Step 1: Understanding the Question:
A line is a normal to a hyperbola. We need to find the relationship between the coefficients \( a \) and \( b \).
Step 2: Key Formula or Approach:
The slope of the normal is the negative reciprocal of the derivative of the curve.
For a curve \( y = f(x) \), slope of tangent \( m_t = \frac{dy}{dx} \) and slope of normal \( m_n = -\frac{1}{dy/dx} \).
Step 3: Detailed Explanation:
The curve is \( xy = 1 \implies y = \frac{1}{x} \).
Differentiating with respect to \( x \):
\[ \frac{dy}{dx} = -\frac{1}{x^2} \]
The slope of the normal at any point \( (x, y) \) is:
\[ m_n = -\frac{1}{-1/x^2} = x^2 \]
Since \( x^2 \) is always strictly positive for any real \( x \ne 0 \), the slope of the normal to this curve must be positive.
The equation of the given line is \( ax + by + c = 0 \), which can be written as \( y = -\frac{a}{b}x - \frac{c}{b} \).
The slope of this line is \( m = -\frac{a}{b} \).
For this line to be a normal, we must have:
\[ -\frac{a}{b}>0 \]
This inequality holds if \( a \) and \( b \) have opposite signs.
From the options:
(A) \( a, b \) both positive \( \implies \) slope is negative.
(B) \( a>0, b<0 \implies -\frac{(+)}{(-)} = (+) \).
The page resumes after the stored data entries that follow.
lemma obtain_coprime_factors:
  fixes p q :: nat
  assumes "p > 0" "q > 0"
  obtains N M g where "N > 0" "M > 0" "g > 0" "coprime N M" "p = N * g" "q = M * g"
proof
  show "coprime (p div gcd p q) (q div gcd p q)" using assms by (intro div_gcd_coprime) auto
  show "p = p div gcd p q * gcd p q" "q = q div gcd p q * gcd p q" by simp_all
  show "p div gcd p q > 0" "q div gcd p q > 0" using assms by (simp_all add: div_greater_zero_iff)
qed (use assms in simp)

lemma stable_oblique_cyls_card:
  assumes w: "w > 0" and pq: "p > 0" "q > 0" "w = real p / real q * cot (pi * real p / (2 * real (p + q)))"
  defines "S \<equiv> {C. lam_stable_cyl w C \<and> \<not> is_pingpong_cyl w C}"
  shows "finite S \<and> card S \<le> 2"
proof -
  define \<rho> where "\<rho> = real p / (real q * w)"
  define a where "a = 1 / sqrt (1 + \<rho>\<^sup>2)"
  have a0: "a > 0" "\<rho> > 0" unfolding a_def \<rho>_def using pq(1,2) w by (simp_all add: add_pos_nonneg)
  have dS: "\<bar>fst (dir w x)\<bar> = a \<and> \<bar>snd (dir w x)\<bar> = \<rho> * a" if "C \<in> S" "x \<in> C" for C x
    using stable_oblique_cyl_abs_dir[OF w _ _ that(2) pq] that(1) unfolding S_def a_def \<rho>_def by auto
  obtain N M g where NM: "N > 0" "M > 0" "coprime N M" and g0: "g > 0" and pN: "p = N * g" and qM: "q = M * g"
    using obtain_coprime_factors[OF pq(1,2)] by metis
  define u where "u = w / (a * real N)"
  have u0: "u > 0" unfolding u_def using w a0 NM by simp
  have A: "w / a = real N * u" unfolding u_def using NM a0 by simp
  have B: "1 / (\<rho> * a) = real M * u"
    unfolding u_def \<rho>_def using pq(1,2) w a0 g0 NM by (simp add: pN qM field_simps)
  define good where "good C z \<longleftrightarrow> periodic_pt w (billiard w) z \<and> oblique w z \<and> cyl w z = C
    \<and> normal_pt w u z \<and> \<bar>fst (dir w z)\<bar> = a \<and> \<bar>snd (dir w z)\<bar> = \<rho> * a" for C z
  have ex: "\<exists>z. good C z" if "C \<in> S" for C
    unfolding good_def using that dS
    by (intro stable_oblique_cyl_normal_pt[OF w _ _ _ A B u0 NM]) (auto simp: S_def)
  define F where "F C = sign_class M N (dir w (SOME z. good C z))" for C
  have inj: "inj_on F S"
  proof (rule inj_onI)
    fix C1 C2 assume C: "C1 \<in> S" "C2 \<in> S" and FF: "F C1 = F C2"
    have g1: "good C1 (SOME z. good C1 z)" and g2: "good C2 (SOME z. good C2 z)"
      using someI_ex[OF ex[OF C(1)]] someI_ex[OF ex[OF C(2)]] .
    show "C1 = C2"
      using normal_pts_same_cyl[OF w _ _ _ _ _ _ _ _ u0 NM _ _ FF[unfolded F_def]] g1 g2 A B
      unfolding good_def by auto
  qed
  have "finite S" by (rule finite_imageD[OF _ inj]) simp
  moreover have "card S = card (F ` S)" by (rule card_image[OF inj, symmetric])
  moreover have "card (F ` S) \<le> card (UNIV :: bool set)" by (rule card_mono) auto
  ultimately show ?thesis by simp
qed

theorem proposition4p6:
  fixes w :: real
  assumes "w > 0"
  shows "card {C. is_pingpong_cyl w C} = 2
    \<and> (\<forall>C. is_pingpong_cyl w C \<longrightarrow> lam_stable_cyl w C)
    \<and> ((\<nexists>p q :: nat. p > 0 \<and> q > 0 \<and> w = real p / real q * cot (pi * real p / (2 * real (p + q))))
         \<longrightarrow> (\<forall>C. lam_stable_cyl w C \<longrightarrow> is_pingpong_cyl w C))
    \<and> (\<forall>p q :: nat. p > 0 \<and> q > 0 \<and> w = real p / real q * cot (pi * real p / (2 * real (p + q)))
         \<longrightarrow> finite {C. lam_stable_cyl w C \<and> \<not> is_pingpong_cyl w C}
           \<and> card {C. lam_stable_cyl w C \<and> \<not> is_pingpong_cyl w C} \<le> 2
           \<and> (\<forall>C. lam_stable_cyl w C \<and> \<not> is_pingpong_cyl w C \<longrightarrow>
                 (\<forall>x\<in>C. slope w x \<in> {real p / (real q * w), - (real p / (real q * w))})))"
proof (intro conjI allI impI ballI)
  show "card {C. is_pingpong_cyl w C} = 2" by (rule card_pingpong_cyls[OF assms])
next
  fix C assume "is_pingpong_cyl w C"
  then show "lam_stable_cyl w C" by (rule pingpong_cyl_stable[OF assms])
next
  fix C assume "\<nexists>p q :: nat. p > 0 \<and> q > 0 \<and> w = real p / real q * cot (pi * real p / (2 * real (p + q)))"
    and "lam_stable_cyl w C"
  then show "is_pingpong_cyl w C" using stable_oblique_cyl_resonant[OF assms] by blast
next
  fix p q :: nat
  assume pq: "p > 0 \<and> q > 0 \<and> w = real p / real q * cot (pi * real p / (2 * real (p + q)))"
  then show "finite {C. lam_stable_cyl w C \<and> \<not> is_pingpong_cyl w C}"
    "card {C. lam_stable_cyl w C \<and> \<not> is_pingpong_cyl w C} \<le> 2"
    using stable_oblique_cyls_card[OF assms] by blast+
  fix C x assume C: "lam_stable_cyl w C \<and> \<not> is_pingpong_cyl w C" and x: "x \<in> C"
  have "\<bar>slope w x\<bar> = \<bar>snd (dir w x)\<bar> / \<bar>fst (dir w x)\<bar>" unfolding slope_def by (simp add: abs_divide)
  also have "\<dots> = real p / (real q * w)"
    using C pq by (intro stable_oblique_cyl_slope[OF assms _ _ x]) auto
  finally have "\<bar>slope w x\<bar> = real p / (real q * w)" .
  then show "slope w x \<in> {real p / (real q * w), - (real p / (real q * w))}" by (auto simp: abs_if split: if_splits)
qed
end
This is a positive slope.
(C) \( a<0, b \ge 0 \). If \( b=0 \), the line is vertical (not defined by slope).
(D) \( a, b \) both negative \( \implies \) slope is negative.
Thus, option (B) is the most suitable general choice.
Step 4: Final Answer:
The correct condition is \( a>0, b<0 \).